Components
Intel® Core™ i5 Processor 650 (3.20GHz, 4MB) (add £76.50 for corei7 2.80 8MB)
Genuine Windows® 7 Home Premium 64bit- English
OS Media : MUI Windows 7 Home Premium (64 BIT) Resource DVD
Microsoft® Office Starter 2010 (Word Starter, Excel Starter)
1 year of coverage included with your PC
McAfee® Security Centre - 15 Month Protection - English
Dell ST2310 23" Full HD Widescreen Monitor - UK/Irish
6144MB (2x2GB) (2x1GB)1333MHz DDR3 Dual Channel Memory
2TB Dual Hard Drive Raid 0 "Stripe" (2x1TB - 7200rpm)
1GB ATI® Radeon™ HD 5670 graphics card
DVD +/- RW Drive (read/write CD & DVD) with Roxio Easy CD and DVD Burn software
Dell™ USB Entry Keyboard - UK/Irish (QWERTY)
Dell 2 Button USB Optical Mouse
Dell 1525 Wireless PCIe Network Card 802.11n
NO - Dell may NOT telephone me in relation to my order and related products and services
Accessories
No Speakers (Speakers are required to hear audio from your system)

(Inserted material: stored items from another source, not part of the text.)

lemma card_mult_square_le_sum_squares:
  fixes f :: "'a \<Rightarrow> real"
  assumes "\<And>k. k \<in> S \<Longrightarrow> \<bar>c\<bar> \<le> \<bar>f k\<bar>"
  shows "real (card S) * c\<^sup>2 \<le> (\<Sum>k\<in>S. (f k)\<^sup>2)"
proof -
  have "(\<Sum>k\<in>S. c\<^sup>2) \<le> (\<Sum>k\<in>S. (f k)\<^sup>2)"
    by (rule sum_mono) (use assms in \<open>simp add: abs_le_square_iff\<close>)
  then show ?thesis by simp
qed

lemma sum_squares_eq_card_mult_square_imp:
  fixes f :: "'a \<Rightarrow> real"
  assumes S: "finite S" and le: "\<And>k. k \<in> S \<Longrightarrow> \<bar>c\<bar> \<le> \<bar>f k\<bar>"
    and eq: "(\<Sum>k\<in>S. (f k)\<^sup>2) = real (card S) * c\<^sup>2" and k: "k \<in> S"
  shows "\<bar>f k\<bar> = \<bar>c\<bar>"
proof -
  have nonneg: "0 \<le> (f l)\<^sup>2 - c\<^sup>2" if "l \<in> S" for l
    using le[OF that] by (simp add: abs_le_square_iff)
  have "(\<Sum>l\<in>S. (f l)\<^sup>2 - c\<^sup>2) = 0"
    using eq by (simp add: sum_subtractf)
  then have "(f k)\<^sup>2 = c\<^sup>2"
    using sum_nonneg_eq_0_iff[OF S, of "\<lambda>l. (f l)\<^sup>2 - c\<^sup>2"] nonneg k by simp
  then show ?thesis
    by (metis real_sqrt_abs)
qed

lemma sorted_wrt_ge_nth_mono:
  fixes xs :: "'a::preorder list"
  assumes "sorted_wrt (\<ge>) xs" "k \<le> l" "l < length xs"
  shows "xs ! l \<le> xs ! k"
  using sorted_wrt_nth_less[OF assms(1), of k l] assms(2,3) by (cases "k = l") auto

lemma sum_lessThan_split_blocks:
  fixes f :: "nat \<Rightarrow> 'a::comm_monoid_add"
  assumes "i < m" "m \<le> n"
  shows "(\<Sum>k<n. f k) = f 0 + sum f {1..i} + sum f {Suc i..<m} + sum f {m..<n}"
proof -
  have "(\<Sum>k<n. f k) = sum f {0..<1} + sum f {1..<n}"
    unfolding lessThan_atLeast0 by (rule sum.atLeastLessThan_concat[symmetric]) (use assms in auto)
  also have "sum f {1..<n} = sum f {1..<Suc i} + sum f {Suc i..<n}"
    by (rule sum.atLeastLessThan_concat[symmetric]) (use assms in auto)
  also have "sum f {Suc i..<n} = sum f {Suc i..<m} + sum f {m..<n}"
    by (rule sum.atLeastLessThan_concat[symmetric]) (use assms in auto)
  finally show ?thesis
    by (simp add: atLeastLessThanSuc_atLeastAtMost add.assoc)
qed

lemma sum_squares_top_block:
  fixes lam :: "real list"
  assumes sorted: "sorted_wrt (\<ge>) lam" and b: "b < length lam" and nonneg: "0 \<le> lam ! b"
  shows "real (card {a..b}) * (lam ! b)\<^sup>2 \<le> (\<Sum>k\<in>{a..b}. (lam ! k)\<^sup>2)"
    and "(\<Sum>k\<in>{a..b}. (lam ! k)\<^sup>2) = real (card {a..b}) * (lam ! b)\<^sup>2
      \<Longrightarrow> \<forall>k\<in>{a..b}. lam ! k = lam ! b"
proof -
  have le: "\<bar>lam ! b\<bar> \<le> \<bar>lam ! k\<bar>" "lam ! b \<le> lam ! k" if "k \<in> {a..b}" for k
    using sorted_wrt_ge_nth_mono[OF sorted, of k b] that b nonneg by auto
  show "real (card {a..b}) * (lam ! b)\<^sup>2 \<le> (\<Sum>k\<in>{a..b}. (lam ! k)\<^sup>2)"
    using card_mult_square_le_sum_squares[of "{a..b}" "lam ! b" "\<lambda>k. lam ! k"] le(1) by blast
  show "\<forall>k\<in>{a..b}. lam ! k = lam ! b"
    if "(\<Sum>k\<in>{a..b}. (lam ! k)\<^sup>2) = real (card {a..b}) * (lam ! b)\<^sup>2"
  proof
    fix k assume k: "k \<in> {a..b}"
    have "\<bar>lam ! k\<bar> = \<bar>lam ! b\<bar>"
      using sum_squares_eq_card_mult_square_imp[of "{a..b}" "lam ! b" "\<lambda>k. lam ! k" k] le(1) that k
      by blast
    then show "lam ! k = lam ! b" using le(2)[OF k] nonneg by auto
  qed
qed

Integrated HDA 7.1 Dolby Digital Audio
Services & Software
DataSafe Online Backup 2GB 1 year
Also Includes
No Accidental Damage Support
English - Documentation with UK/Ire Power cord
D05X8103
Studio XPS 8100 DT Order - UK
Datasafe Local 2.0 Basic
1 year Next Business Day Hardware Support included with your PC
73W Processor Heatsink
One free Dell Expert call to help with your PC queries within 60 days of purchase
Studio XPS 8100 Resource DVD
That comes to £820 + tax = £963GBP however I've also found some 10% cashback offers online, so it would bring it to somewhere around £860. It's been a long time since I've even looked at computers to see if it's cheaper to build yourself, so I am asking you guys, is it really cheaper to build yourself (considering shipping charges for many items) and on average in your experience how much cheaper?
Edit: Also, for any Brit posters, who are good providers of PC hardware?
Also, would anybody avoid refurbished PCs (even when they offer 3-yr warranty)? as it seems to save a bit.